Не знаю, кто строил кильдим и устраивал в него продавцом тетю Симу. Может, его строил 1956 год, когда амнистия уголовников 1953 года успела вернуться на зону, а из зоны «по хрущевскому графику» поперла на волю «политика». Может быть, кильдим строили для того, чтобы меньше было зарезанных на «малинах» и «хазах», то есть пропавших без вести, а чтоб резались лучше здесь, на виду – и милиции меньше бумажек, и правительству меньше свидетелей, и людской памяти меньше боли.

В пятьдесят шестом, говорят, здесь любили пить молча. «Вождь народов» научил молчать даже пьяных. В пятьдесят шестом здесь любили не узнавать друг друга: конвоир – подконвойного, троцкист – монархиста и вор – «хозяина». Тогда пятьдесят восьмая статья маячила ещё слишком близко, как пятьдесят восьмой год. Тогда можно было слышать, как худые дядечки в кирзовых сапогах легко переходят с английского на чистую «феню» и называют сроки отсидки, которые больше, чем я живу.

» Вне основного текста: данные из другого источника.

(* Let $D$ be a division algebra, $\sigma\in\mathrm{Aut}(D)$, and suppose $F=\mathcal{Z}(D)\cap D_\sigma$ is infinite. Let $f\in D[t_1,\ldots,t_d;\sigma]$ be a nonzero skew polynomial. Then there exist $a\in D$ and $a_1,\ldots,a_{d-1}\in F$ such that the polynomial $g=a\cdot f(t_1+a_1t_d,\ldots,t_{d-1}+a_{d-1}t_d,t_d)$ is a monic polynomial in $t_d$ with coefficients in $D[t_1,\ldots,t_{d-1};\sigma]$.
   Context: $\mathcal{Z}(D)$ is the center of $D$ and $D_\sigma=\{r\in D:\sigma(r)=r\}$. $D[t_1,\ldots,t_d;\sigma]$ denotes the skew polynomial ring in pairwise commuting variables with $t_ir=\sigma(r)t_i$ for all $r\in D$ and all $i$; it is identified with $D[t_1,\ldots,t_{d-1};\sigma][t_d;\sigma]$, where $\sigma$ is extended by $\sigma(t_i)=t_i$. For $a_1,\ldots,a_{d-1}\in F$, $f(t_1+a_1t_d,\ldots,t_{d-1}+a_{d-1}t_d,t_d)$ denotes the image of $f$ under the unique ring endomorphism of $D[t_1,\ldots,t_d;\sigma]$ fixing $D$ pointwise and sending $t_i\mapsto t_i+a_it_d$ for $i<d$ and $t_d\mapsto t_d$. Monic in $t_d$ means that, written as $\sum_j c_jt_d^j$ with $c_j\in D[t_1,\ldots,t_{d-1};\sigma]$, its leading coefficient is $1$. *)

theory Defs
  imports Main
begin

text \<open>Skew polynomials in d pairwise commuting variables t_0,...,t_{d-1} over a division
ring 'a, with t_i r = sigma(r) t_i.  A skew polynomial is represented by its coefficient
function: monomials are exponent vectors alpha :: nat => nat (with alpha i = 0 for i >= d),
and p alpha is the (left) coefficient c in c t^alpha.  The paper's variable t_k is our
index k-1; in particular t_d is index d-1.\<close>

definition skpolys :: "nat \<Rightarrow> ((nat \<Rightarrow> nat) \<Rightarrow> 'a::zero) set" where
  "skpolys d = {p. finite {\<alpha>. p \<alpha> \<noteq> 0} \<and> (\<forall>\<alpha>. p \<alpha> \<noteq> 0 \<longrightarrow> (\<forall>i\<ge>d. \<alpha> i = 0))}"

definition skp_zero :: "(nat \<Rightarrow> nat) \<Rightarrow> 'a::zero" where
  "skp_zero = (\<lambda>_. 0)"

definition skp_const :: "'a::zero \<Rightarrow> (nat \<Rightarrow> nat) \<Rightarrow> 'a" where
  "skp_const r = (\<lambda>\<alpha>. if \<alpha> = (\<lambda>_. 0) then r else 0)"

definition skp_var :: "nat \<Rightarrow> (nat \<Rightarrow> nat) \<Rightarrow> 'a::{zero,one}" where
  "skp_var i = (\<lambda>\<alpha>. if \<alpha> = (\<lambda>j. if j = i then 1 else 0) then 1 else 0)"

definition skp_add :: "((nat \<Rightarrow> nat) \<Rightarrow> 'a::plus) \<Rightarrow> ((nat \<Rightarrow> nat) \<Rightarrow> 'a) \<Rightarrow> (nat \<Rightarrow> nat) \<Rightarrow> 'a" where
  "skp_add p q = (\<lambda>\<alpha>. p \<alpha> + q \<alpha>)"

definition mdeg :: "nat \<Rightarrow> (nat \<Rightarrow> nat) \<Rightarrow> nat" where
  "mdeg d \<alpha> = (\<Sum>i<d. \<alpha> i)"

text \<open>(c t^alpha)(e t^beta) = c sigma^{|alpha|}(e) t^{alpha+beta}\<close>
definition skp_mult :: "('a::ring_1 \<Rightarrow> 'a) \<Rightarrow> nat \<Rightarrow> ((nat \<Rightarrow> nat) \<Rightarrow> 'a) \<Rightarrow> ((nat \<Rightarrow> nat) \<Rightarrow> 'a) \<Rightarrow> (nat \<Rightarrow> nat) \<Rightarrow> 'a" where
  "skp_mult \<sigma> d p q = (\<lambda>\<gamma>. \<Sum>\<alpha>\<in>{\<alpha>. p \<alpha> \<noteq> 0 \<and> (\<forall>i. \<alpha> i \<le> \<gamma> i)}.
      p \<alpha> * (\<sigma> ^^ mdeg d \<alpha>) (q (\<lambda>i. \<gamma> i - \<alpha> i)))"
section \<open>The Netto triples\<close>

lemma primitive_6th_root_mod_imp_cong:
  assumes p: "prime p" and u: "primitive_6th_root_mod p u"
  shows "[u^2 + 1 = u] (mod p)"
proof -
  define v where "v = int u"
  have p1: "p > 1" using p prime_gt_1_nat by blast
  have pi: "prime (int p)" using p by simp
  have not_dvd: "\<not> int p dvd v^k - 1" if "0 < k" "k < 6" for k
  proof
    assume "int p dvd v^k - 1"
    then have "[u^k = 1] (mod p)"
      by (simp add: v_def flip: cong_iff_dvd_diff cong_int_iff)
    then show False using u that p1 unfolding primitive_6th_root_mod_def by (simp add: cong_def)
  qed
  have "[u^6 = 1] (mod p)" using u p1 unfolding primitive_6th_root_mod_def by (simp add: cong_def)
  then have "int p dvd (v^3 - 1) * (v^3 + 1)"
    by (simp add: v_def cong_iff_dvd_diff flip: cong_int_iff) (simp add: algebra_simps flip: power_add)
  then have "int p dvd v^3 + 1"
    using not_dvd[of 3] pi by (simp add: prime_dvd_mult_iff)
  also have "v^3 + 1 = (v + 1) * (v^2 - v + 1)"
    by (simp add: algebra_simps power2_eq_square power3_eq_cube)
  finally have "int p dvd (v + 1) * (v^2 - v + 1)" .
  moreover have "\<not> int p dvd v + 1"
  proof
    assume "int p dvd v + 1"
    then have "int p dvd (v + 1) * (v - 1)" by simp
    also have "(v + 1) * (v - 1) = v^2 - 1" by (simp add: algebra_simps power2_eq_square)
    finally show False using not_dvd[of 2] by simp
  qed
  ultimately have "int p dvd v^2 - v + 1"
    using pi prime_dvd_mult_iff by blast
  then have "[int (u^2 + 1) = int u] (mod int p)"
    by (simp add: v_def cong_iff_dvd_diff algebra_simps)
  then show ?thesis by (simp only: cong_int_iff)
qed

(* u^2 + 1 = u is u^2 - u + 1 = 0 written without natural-number subtraction. *)
locale netto =
  fixes p u :: nat
  assumes prime_p: "prime p" and p_mod_4: "p mod 4 = 3" and u_root: "[u^2 + 1 = u] (mod p)"
begin

definition line :: "nat \<Rightarrow> nat \<Rightarrow> nat set" where
  "line x a = {x mod p, (x + a) mod p, (x + u * a) mod p}"

definition nonzero_square :: "nat \<Rightarrow> bool" where
  "nonzero_square a \<longleftrightarrow> (\<exists>s. [s^2 = a] (mod p)) \<and> \<not> p dvd a"

lemma u_cube_cong: "[u^3 + 1 = 0] (mod p)"
proof -
  have "[u^3 + 1 + u = (u^2 + 1) * u + 1] (mod p)"
    by (simp add: algebra_simps power2_eq_square power3_eq_cube)
  also have "[(u^2 + 1) * u + 1 = u * u + 1] (mod p)"
    using u_root by (intro cong_add cong_mult) auto
  also have "[u * u + 1 = u^2 + 1] (mod p)"
    by (simp add: power2_eq_square)
  also have "[u^2 + 1 = 0 + u] (mod p)"
    using u_root by simp
  finally show ?thesis
    by (simp only: cong_add_rcancel_nat)
qed

lemma line_cong:
  assumes "[x = x'] (mod p)" and "[a = a'] (mod p)"
  shows "line x a = line x' a'"
proof -
  have "[x + a = x' + a'] (mod p)" "[x + u * a = x' + u * a'] (mod p)"
    using assms by (auto intro: cong_add cong_scalar_left)
  then show ?thesis
    using assms unfolding line_def cong_def by simp
qed

lemma line_rotate_points:
  shows "(x + a + u^2 * a) mod p = (x + u * a) mod p"
    and "(x + a + u * (u^2 * a)) mod p = x mod p"
proof -
  have "[x + a + u^2 * a = x + (u^2 + 1) * a] (mod p)"
    by (simp add: algebra_simps)
  also have "[x + (u^2 + 1) * a = x + u * a] (mod p)"
    using u_root by (intro cong_add cong_scalar_right) auto
  finally show "(x + a + u^2 * a) mod p = (x + u * a) mod p"
    by (simp only: cong_def)
  have "[x + a + u * (u^2 * a) = x + (u^3 + 1) * a] (mod p)"
    by (simp add: algebra_simps power2_eq_square power3_eq_cube)
  also have "[x + (u^3 + 1) * a = x + 0 * a] (mod p)"
    using u_cube_cong by (intro cong_add cong_scalar_right) auto
  finally show "(x + a + u * (u^2 * a)) mod p = x mod p"
    by (simp add: cong_def)
qed

lemma line_rotate: "line (x + a) (u^2 * a) = line x a"
  unfolding line_def line_rotate_points by auto

lemma p_not_dvd_u: "\<not> p dvd u"
proof
  assume "p dvd u"
  then have "p dvd u^2 + 1"
    using u_root by (metis cong_0_iff cong_trans)
  moreover have "p dvd u^2"
    using \<open>p dvd u\<close> by (simp add: power2_eq_square)
  ultimately have "p dvd 1"
    using dvd_add_right_iff by blast
  then show False
    using prime_p by simp
qed

lemma nonzero_square_power2: "\<not> p dvd s \<Longrightarrow> nonzero_square (s^2)"
  unfolding nonzero_square_def using prime_p by (meson cong_refl prime_dvd_power)

lemma nonzero_square_mult:
  assumes "nonzero_square a" and "nonzero_square b"
  shows "nonzero_square (a * b)"
proof -
  obtain s t where "[s^2 = a] (mod p)" "[t^2 = b] (mod p)"
    using assms unfolding nonzero_square_def by blast
  then have "[(s * t)^2 = a * b] (mod p)"
    by (simp add: power_mult_distrib cong_mult)
  moreover have "\<not> p dvd a * b"
    using assms prime_p unfolding nonzero_square_def by (simp add: prime_dvd_mult_iff)
  ultimately show ?thesis
    unfolding nonzero_square_def by blast
qed

lemma nonzero_square_mult_u2: "nonzero_square a \<Longrightarrow> nonzero_square (u^2 * a)"
  using nonzero_square_mult nonzero_square_power2 p_not_dvd_u by blast

lemma sum_nonzero_squares_not_cong_0:
  assumes "nonzero_square a" and "nonzero_square b"
  shows "\<not> [a + b = 0] (mod p)"
proof
  assume "[a + b = 0] (mod p)"
  obtain s t where "[s^2 = a] (mod p)" "[t^2 = b] (mod p)"
    using assms unfolding nonzero_square_def by blast
  then have "[s^2 + t^2 = 0] (mod p)"
    using \<open>[a + b = 0] (mod p)\<close> by (meson cong_add cong_trans)
  then have "p dvd s^2"
    using prime_3_mod_4_dvd_sum_squares[OF prime_p p_mod_4] by (simp add: power2_eq_square)
  then have "p dvd a"
    using \<open>[s^2 = a] (mod p)\<close> by (simp add: cong_dvd_iff)
  then show False
    using assms unfolding nonzero_square_def by blast
qed

lemma line_through_two_points:
  assumes a: "nonzero_square a" and yz: "{y, z} \<subseteq> line x a" "y \<noteq> z"
  shows "\<exists>x' a'. nonzero_square a' \<and> line x' a' = line x a \<and> {y, z} = {x' mod p, (x' + a') mod p}"
proof -
  from yz consider
      "{y, z} = {x mod p, (x + a) mod p}"
    | "{y, z} = {(x + a) mod p, (x + u * a) mod p}"
    | "{y, z} = {(x + u * a) mod p, x mod p}"
    unfolding line_def by auto
  then show ?thesis
  proof cases
    case 1
    then show ?thesis using a by blast
  next
    case 2
    show ?thesis
    proof (intro exI conjI)
      show "nonzero_square (u^2 * a)" using nonzero_square_mult_u2[OF a] .
      show "line (x + a) (u^2 * a) = line x a" by (rule line_rotate)
      show "{y, z} = {(x + a) mod p, (x + a + u^2 * a) mod p}"
        using 2 by (simp only: line_rotate_points)
    qed
  next
    case 3
    show ?thesis
    proof (intro exI conjI)
      show "nonzero_square (u^2 * (u^2 * a))" using nonzero_square_mult_u2 a by blast
      show "line (x + a + u^2 * a) (u^2 * (u^2 * a)) = line x a" by (simp only: line_rotate)
      show "{y, z} = {(x + a + u^2 * a) mod p, (x + a + u^2 * a + u^2 * (u^2 * a)) mod p}"
        using 3 by (simp only: line_rotate_points)
    qed
  qed
qed

lemma line_unique:
  assumes a: "nonzero_square a" and b: "nonzero_square b" and yz: "y \<noteq> z"
    and on_a: "{y, z} \<subseteq> line x a" and on_b: "{y, z} \<subseteq> line x' b"
  shows "line x a = line x' b"
proof -
  obtain x1 a1 where a1: "nonzero_square a1" and line1: "line x1 a1 = line x a"
    and yz1: "{y, z} = {x1 mod p, (x1 + a1) mod p}"
    using line_through_two_points[OF a on_a yz] by blast
  obtain x2 a2 where a2: "nonzero_square a2" and line2: "line x2 a2 = line x' b"
    and yz2: "{y, z} = {x2 mod p, (x2 + a2) mod p}"
    using line_through_two_points[OF b on_b yz] by blast
  from yz1 yz2 consider
      "[x1 = x2] (mod p)" "[x1 + a1 = x2 + a2] (mod p)"
    | "[x1 = x2 + a2] (mod p)" "[x1 + a1 = x2] (mod p)"
    unfolding cong_def by (auto simp: doubleton_eq_iff)
  then show ?thesis
  proof cases
    case 1
    have "[x2 + a2 = x1 + a2] (mod p)"
      using 1(1) by (simp add: cong_sym cong_add_rcancel_nat)
    with 1(2) have "[a1 = a2] (mod p)"
      by (meson cong_trans cong_add_lcancel_nat)
    then have "line x1 a1 = line x2 a2"
      using 1(1) by (rule line_cong[rotated])
    then show ?thesis
      using line1 line2 by simp
  next
    case 2
    have "[x1 + a1 + a2 = x2 + a2] (mod p)"
      using 2(2) by (simp add: cong_add_rcancel_nat)
    with 2(1) have "[x1 + (a1 + a2) = x1] (mod p)"
      by (metis add.assoc cong_sym cong_trans)
    then show ?thesis
      using sum_nonzero_squares_not_cong_0[OF a1 a2] by (simp add: cong_add_lcancel_0_nat)
  qed
qed
definition ev3 :: "('f, 'a) alg \<Rightarrow> ('f, nat) trm \<Rightarrow> 'a \<Rightarrow> 'a \<Rightarrow> 'a \<Rightarrow> 'a" where
  "ev3 A t x y z = eval A (\<lambda>v. if v = 0 then x else if v = 1 then y else z) t"

definition ternary :: "('f \<Rightarrow> nat) \<Rightarrow> ('f, nat) trm \<Rightarrow> bool" where
  "ternary ar t \<longleftrightarrow> wf_trm ar t \<and> vars_trm t \<subseteq> {0, 1, 2}"

definition has_gumm_terms ::
  "'a itself \<Rightarrow> ('f \<Rightarrow> nat) \<Rightarrow> (('f, nat) trm \<times> ('f, nat) trm) set \<Rightarrow> nat \<Rightarrow> bool" where
  "has_gumm_terms _ ar \<Sigma> n \<longleftrightarrow>
    (\<exists>p j. ternary ar p \<and> (\<forall>i\<in>{1..n+1}. ternary ar (j i)) \<and>
      (\<forall>A :: ('f, 'a) alg. in_var ar \<Sigma> A \<longrightarrow>
        (\<forall>x\<in>carrier A. \<forall>y\<in>carrier A. \<forall>z\<in>carrier A.
          (\<forall>i\<in>{1..n+1}. ev3 A (j i) x y x = x) \<and>
          ev3 A p x z z = x \<and>
          ev3 A p x x z = ev3 A (j 1) x x z \<and>
          (\<forall>i\<in>{1..n}. odd i \<longrightarrow> ev3 A (j i) x z z = ev3 A (j (i+1)) x z z) \<and>
          (\<forall>i\<in>{1..n}. even i \<longrightarrow> ev3 A (j i) x x z = ev3 A (j (i+1)) x x z) \<and>
          ev3 A (j (n+1)) x y z = z)))"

Здесь многие любители пива попили его в последний раз, потому что пиво развязывает язык, а слово бывает дороже жизни. Недавно я здесь увидел седого мужчину в модном «прикиде». Он меня не помнил, а я его помню. Двадцать лет назад он завалил здесь топориком двоих мужиков. Тогда он был, конечно, помоложе и надета на нем была телогреечка. Та самая телогреечка, в которую была одета моя страна.
Приехавшие люди в форме тогда, двадцать лет назад, наставили на него пистолеты и вежливо, почти без мата, сказали, что будут стрелять. «Телогреечка» бросила топор, потому что он дешевле, чем жизнь, и в лагерях их все равно выдают даром. Но про убитых «телогреечка» сказала:
- Они не правы!

… Сейчас около кильдима спокойно. Мужчина «в прикиде» спокойно пьет пиво, потому что сегодня здесь не правы все. Здесь слишком часто стучат по головам банками, здесь слово стало дешевле пьяной мелочи, здесь нет тети Симы, и никто не знает, что такое салями.
Гласность здесь была всегда. Даже когда потерялась правда, а вместо салями появилась мойва. Дядя Вася из поселка Северного в период «застоя» обещал маршалу из Политбюро, что тот в скором времени будет «нюхать… ландыши», а сам по пьяни регулярно присваивал себе очередное воинское звание. Стал «маршалом» - маршалом и умер. Здесь обсуждали урожайность кукурузы в Турьинском отделении совхоза «Вымский» и честь по чести пили за покорителей космоса. Однажды у кильдима пес Шарик покусал моего дружка детства Сашку Орехова, а потом этого Шарика съели мужики с деревокомбината – местного ДОКа. Они, видимо, чувствовали надвигающуюся «продовольственную программу».

Да, Боже мой, чего здесь не было! Легче сказать, чего на самом деле не было. Здесь не было света. Не было не потому, что «темнота – друг молодежи», его не было, потому что свет здесь разливали по стаканам и кружкам. И разливать продолжают… Другого света здесь не было, потому что «чуть свет – и на работу». А без света, как известно, не виден лозунг «Мы придем к победе коммунистического труда!». Наверное, не виден…
Как колоду потрепанных карт, тусовал людей этот пятачок земли, плацдарм скукоженных душ и растрепанных нервов. Что поделать, если эта пивная стала ковчегом, где Россия собрала из своего пирамидального сословного пирога выжившей «твари по паре». И в пивном свете, закусывая пиво горохом и беду рукавом, толпа время от времени видела в худом дядечке сына астраханского купца, а в спящем пьянчуге – донского атамана. Не плакала ведь ни хрена Россия, когда в пору было криком кричать. Может, от того и не плакала, что оставался ещё на руке тети Симы синий двуглавый орел.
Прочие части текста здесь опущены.